BELGRADE, MARCH 9. Vera is tall, blonde and beautiful. Clutching her shabby button-less coat about her throat, she scurries through Belgrade's crowded open-air market looking for bargains. Her small stringbag contains 1 kg of potatoes, two rolls of toilet paper and a couple of beefbones.

``I have to be very careful with money. We are already in the second week of March and neither my husband nor I have been paid yet. So, I am buying the absolute minimum. I need at least some vegetables and bread to make up a stew for tonight. But there is nothing for less than 20 dinars per kilo'', she says, her eye slingering longingly on shiny purple aubergines and tight flowerets of broccoli. ``I suppose we will have to make do again with bread and bone stock goulash made with potatoes, onions and tomatoes'', she sighs.

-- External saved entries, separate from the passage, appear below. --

(* Let $d\ge2$, $\varepsilon>0$, $N\in\mathbb{N}$, weights $w_1,\dots,w_N>0$, and let $v_1(t),\dots,v_N(t)\in\mathbb{R}^d$ be a (differentiable) solution of the semidiscrete particle system \[ \frac{dv_i}{dt}=-\sum_{j=1}^N w_jA(v_i-v_j)\left[\nabla\frac{\delta E^N_\varepsilon}{\delta f}(v_i)-\nabla\frac{\delta E^N_\varepsilon}{\delta f}(v_j)\right],\qquad i=1,\dots,N, \] where \[ \nabla\frac{\delta E^N_\varepsilon}{\delta f}(x)=\int_{\mathbb{R}^d}\nabla\psi_\varepsilon(x-v)\log\Big(\sum_{k=1}^N w_k\psi_\varepsilon(v-v_k(t))\Big)\,\mathrm{d}v . \] Then: 1) $\frac{d}{dt}\sum_{i=1}^N w_i\phi(v_i)=0$ for $\phi(v)=1$, $\phi(v)=v$ and $\phi(v)=|v|^2$ (conservation of mass, momentum and energy); 2) with the discrete entropy $E^N_\varepsilon=\int_{\mathbb{R}^d}(f^N*\psi_\varepsilon)\log(f^N*\psi_\varepsilon)\,\mathrm{d}v$, where $f^N(t,v)=\sum_{i=1}^Nw_i\delta(v-v_i(t))$, one has $\frac{d}{dt}E^N_\varepsilon=-D^N_\varepsilon\le0$, where \[ D^N_\varepsilon=\frac12\sum_{i,j}w_iw_j\left(\nabla\frac{\delta E^N_\varepsilon}{\delta f}(v_i)-\nabla\frac{\delta E^N_\varepsilon}{\delta f}(v_j)\right)\cdot A(v_i-v_j)\left(\nabla\frac{\delta E^N_\varepsilon}{\delta f}(v_i)-\nabla\frac{\delta E^N_\varepsilon}{\delta f}(v_j)\right). \]
   Context: $A(z)=|z|^{\gamma}(|z|^2I_d-z\otimes z)$ for a fixed exponent $\gamma$, with $A(0)=0$ understood where needed; $A(z)$ is symmetric positive semidefinite with kernel spanned by $z$. $\psi_\varepsilon(v)=(2\pi\varepsilon)^{-d/2}\exp(-|v|^2/(2\varepsilon))$ is the Gaussian mollifier, and $f^N*\psi_\varepsilon(v)=\sum_i w_i\psi_\varepsilon(v-v_i(t))$. *)

theory Defs
  imports "HOL-Analysis.Analysis"
begin

definition outer :: "real^'n \<Rightarrow> real^'n \<Rightarrow> real^'n^'n" where
  "outer x y = (\<chi> i j. x $ i * y $ j)"

definition Amat :: "real \<Rightarrow> real^'n \<Rightarrow> real^'n^'n" where
  "Amat \<gamma> z = (if z = 0 then 0 else
     (norm z powr \<gamma>) *\<^sub>R ((norm z)\<^sup>2 *\<^sub>R mat 1 - outer z z))"

definition psi :: "real \<Rightarrow> real^'n \<Rightarrow> real" where
  "psi \<epsilon> v = (2 * pi * \<epsilon>) powr (- real CARD('n) / 2) * exp (- (norm v)\<^sup>2 / (2 * \<epsilon>))"

definition grad_psi :: "real \<Rightarrow> real^'n \<Rightarrow> real^'n" where
  "grad_psi \<epsilon> x = (THE g. (psi \<epsilon> has_derivative (\<lambda>h. g \<bullet> h)) (at x))"

definition mollified :: "real \<Rightarrow> nat \<Rightarrow> (nat \<Rightarrow> real) \<Rightarrow> (nat \<Rightarrow> real \<Rightarrow> real^'n) \<Rightarrow> real \<Rightarrow> real^'n \<Rightarrow> real" where
  "mollified \<epsilon> N w v t x = (\<Sum>k<N. w k * psi \<epsilon> (x - v k t))"

definition gradE :: "real \<Rightarrow> nat \<Rightarrow> (nat \<Rightarrow> real) \<Rightarrow> (nat \<Rightarrow> real \<Rightarrow> real^'n) \<Rightarrow> real \<Rightarrow> real^'n \<Rightarrow> real^'n" where
  "gradE \<epsilon> N w v t x =
     (LINT y|lborel. ln (mollified \<epsilon> N w v t y) *\<^sub>R grad_psi \<epsilon> (x - y))"

definition entropyN :: "real \<Rightarrow> nat \<Rightarrow> (nat \<Rightarrow> real) \<Rightarrow> (nat \<Rightarrow> real \<Rightarrow> real^'n) \<Rightarrow> real \<Rightarrow> real" where
  "entropyN \<epsilon> N w v t =
     (LINT y|lborel. mollified \<epsilon> N w v t y * ln (mollified \<epsilon> N w v t y))"

definition dissipN :: "real \<Rightarrow> real \<Rightarrow> nat \<Rightarrow> (nat \<Rightarrow> real) \<Rightarrow> (nat \<Rightarrow> real \<Rightarrow> real^'n) \<Rightarrow> real \<Rightarrow> real" where
  "dissipN \<gamma> \<epsilon> N w v t = 1/2 * (\<Sum>i<N. \<Sum>j<N. w i * w j *
     ((gradE \<epsilon> N w v t (v i t) - gradE \<epsilon> N w v t (v j t)) \<bullet>
      (Amat \<gamma> (v i t - v j t) *v (gradE \<epsilon> N w v t (v i t) - gradE \<epsilon> N w v t (v j t)))))"

end

theory Submission
  imports Defs "HOL-Probability.Distributions"
begin
(* Let $\Sigma_1,\Sigma_2$ be finite alphabets and $m\subseteq\Sigma_1^*\times\Sigma_2^*$ a string transduction. Then $\mathrm{nd}(m)$ is an mso definable graph transduction if and only if $\mathrm{ed}(m)$ is an mso definable graph transduction and $(\varepsilon,z)\in m$ implies $z=\varepsilon$.
   Context: Graphs over node alphabet $\Sigma$ and edge alphabet $\Gamma$ are triples $(V,E,\mathrm{lab})$, $E\subseteq V\times\Gamma\times V$, $\mathrm{lab}:V\to\Sigma$; $*$ denotes "unlabelled". $\mathrm{MSO}(\Sigma,\Gamma)$ is monadic second-order logic with node and node-set variables and atomic formulas $\mathrm{lab}_\sigma(x)$, $\mathrm{edge}_\gamma(x,y)$, $x=y$, $x\in X$. An mso definable graph transduction is a partial function given by a closed domain formula $\varphi_{\mathrm{dom}}$, a finite copy set $C$, node formulas $\varphi^c_\sigma(x)$ and edge formulas $\varphi^{c_1,c_2}_\gamma(x,y)$ over the input logic; on an input $g\models\varphi_{\mathrm{dom}}$ the output has nodes $(u,c)$ for which exactly one $\sigma$ satisfies $g\models\varphi^c_\sigma(u)$ (labelled $\sigma$), and edges $((u,c_1),\gamma,(v,c_2))$ between such nodes iff $g\models\varphi^{c_1,c_2}_\gamma(u,v)$. For $w$ of length $k$: $\mathrm{nd}(w)$ has $k$ nodes labelled by the letters of $w$ with $k-1$ unlabelled successor edges ($\mathrm{nd}(\varepsilon)$ is empty); $\mathrm{ed}(w)$ has $k+1$ unlabelled nodes forming a path whose $k$ edges are labelled by the letters of $w$. For a transduction $m$, $\mathrm{nd}(m)=\{(\mathrm{nd}(w),\mathrm{nd}(z))\mid(w,z)\in m\}$ and $\mathrm{ed}(m)=\{(\mathrm{ed}(w),\mathrm{ed}(z))\mid(w,z)\in m\}$. *)

theory Defs
  imports Main
begin

text \<open>A graph with node set of type 'v, node labels of type 'l (the node alphabet)
  and edge labels of type 'e (the edge alphabet).  The label "unlabelled" is
  modelled by the one-element type unit.\<close>

record ('v, 'l, 'e) graph =
  nodes :: "'v set"
  edges :: "('v \<times> 'e \<times> 'v) set"
  lab   :: "'v \<Rightarrow> 'l"

definition wf_graph :: "('v, 'l, 'e) graph \<Rightarrow> bool" where
  "wf_graph g \<longleftrightarrow> finite (nodes g) \<and> edges g \<subseteq> nodes g \<times> UNIV \<times> nodes g"

definition graph_iso :: "('v, 'l, 'e) graph \<Rightarrow> ('w, 'l, 'e) graph \<Rightarrow> bool" where
  "graph_iso g h \<longleftrightarrow> (\<exists>f. bij_betw f (nodes g) (nodes h)
      \<and> (\<forall>v\<in>nodes g. lab h (f v) = lab g v)
      \<and> (\<forall>u\<in>nodes g. \<forall>v\<in>nodes g. \<forall>e. (u, e, v) \<in> edges g \<longleftrightarrow> (f u, e, f v) \<in> edges h))"

text \<open>First-order (node) variables and second-order (node-set) variables are
  both indexed by natural numbers, in separate name spaces.\<close>

datatype ('l, 'e) mso =
    Lab 'l nat
  | Edg 'e nat nat
  | Eq nat nat
  | In nat nat
  | Neg "('l, 'e) mso"
  | Conj "('l, 'e) mso" "('l, 'e) mso"
  | Ex1 nat "('l, 'e) mso"
  | Ex2 nat "('l, 'e) mso"

fun fv1 :: "('l, 'e) mso \<Rightarrow> nat set" where
  "fv1 (Lab s x) = {x}"
| "fv1 (Edg e x y) = {x, y}"
| "fv1 (Eq x y) = {x, y}"
| "fv1 (In x X) = {x}"
| "fv1 (Neg p) = fv1 p"
| "fv1 (Conj p q) = fv1 p \<union> fv1 q"
| "fv1 (Ex1 x p) = fv1 p - {x}"
| "fv1 (Ex2 X p) = fv1 p"

fun fv2 :: "('l, 'e) mso \<Rightarrow> nat set" where
  "fv2 (Lab s x) = {}"
| "fv2 (Edg e x y) = {}"
| "fv2 (Eq x y) = {}"
| "fv2 (In x X) = {X}"
| "fv2 (Neg p) = fv2 p"
| "fv2 (Conj p q) = fv2 p \<union> fv2 q"
| "fv2 (Ex1 x p) = fv2 p"
| "fv2 (Ex2 X p) = fv2 p - {X}"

Vera works at an orphanage for abandoned children and earns 4,500 dinars per month, or the equivalent of 150 German marks.

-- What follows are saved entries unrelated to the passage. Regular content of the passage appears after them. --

lemma codes_injection_of_card_le:
  fixes A B :: "'a::idom set"
  assumes "infinite (UNIV :: 'a set)" "cond1 TYPE('a)" "cond2 TYPE('a)"
    and "finite A" "card_le A B"
  shows "\<exists>c d w. codes_injection w c d A B"
proof -
  obtain f where f: "inj_on f A" "f ` A \<subseteq> B" using assms(5) unfolding card_le_def by blast
  define D where "D = (\<Union>a\<in>A. \<Union>a'\<in>A - {a}. {a - a', f a - f a'})"
  have D: "a - a' \<in> D" "f a - f a' \<in> D" if "a \<in> A" "a' \<in> A" "a \<noteq> a'" for a a'
    unfolding D_def using that by blast+
  have D_finite: "finite D" unfolding D_def using assms(4) by blast
  have D_nonzero: "0 \<notin> D"
  proof
    assume "0 \<in> D"
    then obtain a a' where "a \<in> A" "a' \<in> A" "a \<noteq> a'" "f a = f a'"
      unfolding D_def by (auto simp: eq_commute[of 0])
    then show False using f(1) by (blast dest: inj_onD)
  qed
  obtain q where q: "\<forall>i\<in>A. \<not> q i dvd 1 \<and> (\<forall>\<delta>\<in>D. comaximal (q i) \<delta>)"
      and q_comax: "\<forall>i\<in>A. \<forall>j\<in>A. i \<noteq> j \<longrightarrow> comaximal (q i) (q j)"
    using exists_comaximal_nonunits[OF assms(1-4) D_finite D_nonzero] by blast
  obtain c where c: "\<forall>i\<in>A. q i dvd c - i"
    using chinese_remainder_comaximal[OF assms(4) q_comax, of id] by auto
  obtain d where d: "\<forall>i\<in>A. q i dvd d - f i"
    using chinese_remainder_comaximal[OF assms(4) q_comax, of f] by auto
  define w where "w = prod q A"
  have slot_in_c: "p dvd q a'" if "a' \<in> A" "p dvd w" "p dvd c - a'" for a' p
  proof (rule dvd_factor_of_dvd_residue[where r = id, OF assms(4) that(1)])
    show "\<forall>j\<in>A - {a'}. q j dvd c - id j \<and> comaximal (q j) (id j - id a')"
      using c q D(1) that(1) by simp
  qed (use that in \<open>simp_all add: w_def\<close>)
  have slot_in_d: "p dvd q a" if "a \<in> A" "p dvd w" "p dvd d - f a" for a p
  proof (rule dvd_factor_of_dvd_residue[where r = f, OF assms(4) that(1)])
    show "\<forall>j\<in>A - {a}. q j dvd d - f j \<and> comaximal (q j) (f j - f a)"
      using d q D(2) that(1) by simp
  qed (use that in \<open>simp_all add: w_def\<close>)
  have "codes_injection w c d A B"
    unfolding codes_injection_def
  proof
    fix a assume a: "a \<in> A"
    have "shares_slot w c d a (f a)"
      unfolding shares_slot_def w_def using a q c d assms(4) by blast
    moreover have "a' = a" if a': "a' \<in> A" and "shares_slot w c d a' (f a)" for a'
    proof (rule ccontr)
      assume "a' \<noteq> a"
      obtain p where "\<not> p dvd 1" "p dvd w" "p dvd c - a'" "p dvd d - f a"
        using \<open>shares_slot w c d a' (f a)\<close> unfolding shares_slot_def by blast
      then show False
        using comaximal_common_divisor_unit[OF q_comax[rule_format, OF a' a \<open>a' \<noteq> a\<close>]]
          slot_in_c[OF a'] slot_in_d[OF a] by blast
    qed
    ultimately show "\<exists>b\<in>B. shares_slot w c d a b \<and> (\<forall>a'\<in>A. shares_slot w c d a' b \<longrightarrow> a' = a)"
      using a f(2) by blast
  qed
  then show ?thesis by blast
qed

text \<open>Variables: \<open>0, 1, 2\<close> hold the parameters \<open>c, d, w\<close>; \<open>3, 5, 6\<close> range over \<open>A\<close>, \<open>B\<close>, \<open>A\<close>;
  \<open>4\<close> is the slot and \<open>8\<close> the witness of divisibility, so these two must not occur free in the
  arguments of \<open>dvd_fm\<close> and \<open>shares_slot_fm\<close>.\<close>

definition dvd_fm :: "'f trm \<Rightarrow> 'f trm \<Rightarrow> ('f, 'r) fm" where
  "dvd_fm x y = Ex 8 (Eq y (Mul x (Var 8)))"

definition imp_fm :: "('f, 'r) fm \<Rightarrow> ('f, 'r) fm \<Rightarrow> ('f, 'r) fm" where
  "imp_fm \<phi> \<psi> = Or (Not \<phi>) \<psi>"

definition diff_trm :: "nat \<Rightarrow> nat \<Rightarrow> 'f trm" where
  "diff_trm i j = Add (Var i) (Neg (Var j))"

definition shares_slot_fm :: "nat \<Rightarrow> nat \<Rightarrow> ('f, 'r) fm" where
  "shares_slot_fm i j = Ex 4 (And (Not (dvd_fm (Var 4) One)) (And (dvd_fm (Var 4) (Var 2))
     (And (dvd_fm (Var 4) (diff_trm 0 i)) (dvd_fm (Var 4) (diff_trm 1 j)))))"

definition codes_injection_fm :: "('f, 'r) fm" where
  "codes_injection_fm = All 3 (imp_fm (P1 (Var 3))
     (Ex 5 (And (P2 (Var 5)) (And (shares_slot_fm 3 5)
       (All 6 (imp_fm (And (P1 (Var 6)) (shares_slot_fm 6 5)) (Eq (Var 6) (Var 3))))))))"

definition injection_sentence :: "('f, 'r) fm" where
  "injection_sentence =
     Or (All 3 (imp_fm (P1 (Var 3)) (P2 (Var 3)))) (Ex 0 (Ex 1 (Ex 2 codes_injection_fm)))"

lemma sentence_injection_sentence: "sentence injection_sentence"
  unfolding sentence_def injection_sentence_def codes_injection_fm_def shares_slot_fm_def
    dvd_fm_def imp_fm_def diff_trm_def
  by auto

lemma sat_shares_slot_fm:
  assumes "i \<notin> {4, 8}" "j \<notin> {4, 8}"
  shows "sat fI rI A B e (shares_slot_fm i j) \<longleftrightarrow> shares_slot (e 2) (e 0) (e 1) (e i) (e j)"
  using assms
  unfolding shares_slot_fm_def shares_slot_def dvd_fm_def diff_trm_def
  by (simp add: dvd_def eq_commute[of 1] del: One_nat_def)

lemma sat_codes_injection_fm:
  "sat fI rI A B e codes_injection_fm \<longleftrightarrow> codes_injection (e 2) (e 0) (e 1) A B"
  unfolding codes_injection_fm_def codes_injection_def imp_fm_def
  by (simp add: sat_shares_slot_fm Ball_def Bex_def disj_commute[of "\<not> _"] flip: imp_conv_disj)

With bread costing half a mark, a litre of milk at one mark and 1 kg of oranges at one and a half mark, her salary does not go far.

There is galloping inflation in Serbia and Vera complains that she can never manage to budget properly. ``My husband is in the army. But in fact, he does three jobs. After he comes back home, he hangs up his uniform to become a house painter. He does odd jobs repairing broken taps and cars because he's good at anything mechanical. Nevertheless, it's a very hard life and it's likely to become harder'', says Vera.

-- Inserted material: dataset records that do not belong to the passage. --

(* With the matrices defined in the context, $U\,V_\beta=K_\beta\,U$; i.e. the diagram $C_0\xrightarrow{U}H_0$, $V_\beta:C_0\to C_0$, $K_\beta:H_0\to H_0$, $C_0\xrightarrow{U}H_0$ commutes.
   Context: Setting. $I\subset\mathbb{R}$ compact interval; $f_i(x)=\rho_ix+\varrho_i$ ($i=1,\dots,n$), $0<|\rho_i|<1$, IFS with open set condition; $I$ is the union of a nonempty open interval $I_h$ (hole) and $f_1(I),\dots,f_n(I)$, with pairwise disjoint interiors and $I_h$ disjoint from the $f_i(I)$; $F(x)=f_i^{-1}(x)$ on $f_i(I)$. The laps $I_1,\dots,I_n$ (left to right) and the hole have endpoints $a_1<\dots<a_{n+2}$, hole $(a_h,a_{h+1})$; interior endpoints are turning/discontinuity points. Assume the forward orbit of every one-sided endpoint $a_i^\pm$ is finite. Points $y^{(1)},\dots,y^{(q)}$: the one-sided endpoints $a_1^+,a_2^-,a_2^+,\dots,a_{n+2}^-$ (with $a_i^-,a_i^+$ consecutive) together with all other points of their forward orbits, ordered along $I$; $C_0=\mathbb{R}^q$ with $y^{(i)}$ the $i$-th standard basis vector; $H_0=\mathbb{R}^n$ with basis indexed by the laps. $V_\beta=[v_{ij}]$ ($q\times q$, $\beta\in\mathbb{R}$): if $F(y^{(j)})=y^{(i)}$, $v_{ij}=\varepsilon(y^{(j)})|F'(y^{(j)})|^{-\beta}$ with $\varepsilon$ the sign of $F'$ at $y^{(j)}$ (column zero for limits from inside the hole); for every pair of consecutive entries that are the two one-sided versions of a turning/discontinuity point between $y^{(j)}$ and $y^{(i)}$: if $y^{(i)}>y^{(j)}$, pair $y^{(k)},y^{(k+1)}$, $j\le k<i$, set $v_{kj}=v_{ij}$, $v_{k+1,j}=-v_{ij}$; if $y^{(i)}<y^{(j)}$, pair $y^{(k-1)},y^{(k)}$, $i<k\le j$, set $v_{k-1,j}=-v_{ij}$, $v_{kj}=v_{ij}$; all other entries $0$. $U$ is the $n\times q$ matrix with entry $(j,i)$ equal to $1$ if $y^{(i)}\in I_j$, else $0$. $K_\beta$ is the $n\times n$ diagonal matrix with $k_{ii}=\varepsilon(I_i)|F'|_{I_i}|^{-\beta}$, $\varepsilon(I_i)$ the sign of $F'$ on $I_i$. *)

theory Defs
  imports "Jordan_Normal_Form.Matrix" "HOL-Library.Product_Lexorder"
begin

text \<open>
  The partition points are a 1 < a 2 < ... < a (n+2); the hole is
  the open interval (a h, a (h+1)).
  A one-sided point is a pair (x, s) :: real \<times> bool, where s = True means x^+
  (limit from the right) and s = False means x^- (limit from the left).
  The lexicographic order on real \<times> bool (False < True) is the order along I
  in which x^- precedes x^+.
\<close>

definition lap_left :: "nat \<Rightarrow> nat \<Rightarrow> nat" where
  "lap_left h l = (if l < h then l else l + 1)"

definition lap_set :: "(nat \<Rightarrow> real) \<Rightarrow> nat \<Rightarrow> nat \<Rightarrow> real set" where
  "lap_set a h l = {a (lap_left h l) .. a (lap_left h l + 1)}"

definition in_lap :: "(nat \<Rightarrow> real) \<Rightarrow> nat \<Rightarrow> nat \<Rightarrow> real \<times> bool \<Rightarrow> bool" where
  "in_lap a h l p =
     (let lo = a (lap_left h l); hi = a (lap_left h l + 1) in
      if snd p then lo \<le> fst p \<and> fst p < hi else lo < fst p \<and> fst p \<le> hi)"

text \<open>F = f_l^{-1} applied to a one-sided point of lap l (side flips when F decreases)\<close>
definition F_os :: "(nat \<Rightarrow> real) \<Rightarrow> (nat \<Rightarrow> real) \<Rightarrow> nat \<Rightarrow> real \<times> bool \<Rightarrow> real \<times> bool" where
  "F_os \<rho> \<sigma> l p = ((fst p - \<sigma> l) / \<rho> l, if \<rho> l > 0 then snd p else \<not> snd p)"

text \<open>forward orbit of a one-sided point (stops when the point lies in no lap, i.e. in the hole)\<close>
inductive_set fwd_orbit ::
  "(nat \<Rightarrow> real) \<Rightarrow> nat \<Rightarrow> nat \<Rightarrow> (nat \<Rightarrow> real) \<Rightarrow> (nat \<Rightarrow> real) \<Rightarrow> real \<times> bool \<Rightarrow> (real \<times> bool) set"
  for a h n \<rho> \<sigma> p where
  start: "p \<in> fwd_orbit a h n \<rho> \<sigma> p"
| step: "x \<in> fwd_orbit a h n \<rho> \<sigma> p \<Longrightarrow> l \<in> {1..n} \<Longrightarrow> in_lap a h l x
          \<Longrightarrow> F_os \<rho> \<sigma> l x \<in> fwd_orbit a h n \<rho> \<sigma> p"

definition endpoints_os :: "(nat \<Rightarrow> real) \<Rightarrow> nat \<Rightarrow> (real \<times> bool) set" where
  "endpoints_os a n = {(a 1, True), (a (n + 2), False)} \<union> {(a m, s) | m s. 2 \<le> m \<and> m \<le> n + 1}"

text \<open>the list y^{(1)}, ..., y^{(q)} (0-indexed), ordered along I\<close>
definition ypts :: "(nat \<Rightarrow> real) \<Rightarrow> nat \<Rightarrow> nat \<Rightarrow> (nat \<Rightarrow> real) \<Rightarrow> (nat \<Rightarrow> real) \<Rightarrow> (real \<times> bool) list" where
  "ypts a h n \<rho> \<sigma> = sorted_list_of_set (\<Union>e \<in> endpoints_os a n. fwd_orbit a h n \<rho> \<sigma> e)"

definition turning_pair :: "(nat \<Rightarrow> real) \<Rightarrow> nat \<Rightarrow> (real \<times> bool) list \<Rightarrow> nat \<Rightarrow> bool" where
  "turning_pair a n ys k = (Suc k < length ys \<and>
     (\<exists>m. 2 \<le> m \<and> m \<le> n + 1 \<and> ys ! k = (a m, False) \<and> ys ! Suc k = (a m, True)))"

text \<open>\<epsilon>(I_l) |F'|_{I_l}|^{-\<beta>}, with F' = 1/\<rho>_l on lap l\<close>
definition wt :: "(nat \<Rightarrow> real) \<Rightarrow> real \<Rightarrow> nat \<Rightarrow> real" where
  "wt \<rho> \<beta> l = sgn (1 / \<rho> l) * \<bar>1 / \<rho> l\<bar> powr (- \<beta>)"

definition ind :: "bool \<Rightarrow> real" where
  "ind b = (if b then 1 else 0)"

Branka is an economic journalist with the Italian press agency ANSA. ``The consumer basket costs three times what people earn. Even with incomes from three jobs (practically everyone tries to do at least two jobs) people find it difficult to survive. Sanctions have broken Yugoslavia's economy. Inflation is running at 30 per cent. Industrial production is down 40 per cent. Factories have fallen into disrepair because there are no spares. The bureaucracy is bloated. Unemployment is estimated at 50 per cent of the active population. The picture is very grim indeed.

``The new Government has its work cut out. The Prime Minister, Mr. Zoran Djindjic, has got together some very competent people but it will take years to set things right. ``At least for the first time we have a Government that is not telling lies to the people'', she says.

It's a glorious spring day with temperatures in the mid-twenties. Years of anxiety, penury and deprivation have etched harsh lines on people's faces. The unrelenting sunlight reveals them all, leaving faces strangely exposed, almost naked.

Vera says she knows she cannot expect an economic miracle overnight. ``We understand that the Government is doing its best. And that makes it easier to bear.

For a long time I was troubled by terrible dreams. I was in a tunnel that never ended.

``I could never see the light and I thought we would continue to live in a dark kingdom forever. When I saw the houses built by the criminal Arkan or the Karic brothers who have systematically looted this country with Slobo and Mira, I would feel the bile rising into my mouth. Now all I want is justice. I want them to pay. I want them to be tried''.

Overwhelmingly, the residents of Belgrade feel Mr. Slobodan Milosevic should pay for robbing them of their dignity and livelihood. It is now no longer a question of whether the former President and his cronies will be tried but when. Most people, while preferring a trial in Serbia, are not averse to letting the international tribunal try him.

A political analyst, Mr. Bratisava Grubacic, says ``For this Government, Mr. Milosevic is now becoming almost a secondary question. The primary concerns are economic. Yugoslavia cannot do without credits from the IMF and the World Bank. Non- cooperation with the international tribunal could hold back these loans and grants. The economy is in a state of collapse and we have no time to lose. So, even the President Vojislav Kostounica, who was adamant about not extraditing Mr. Milosevic to The Hague, is beginning to change his tune. We shall see some movement, definitely before the end of March.

``Threats of civil war brandished by Mr. Milosevic's supporters are just rubbish. Those organising demonstrations outside his house are finding it difficult to get even 100 people

together. Most of them are ignorant peasants and out of work factory hands from the countryside. There will be no bloodshed and no civil war. Due process will be followed. That is what is taking so long''.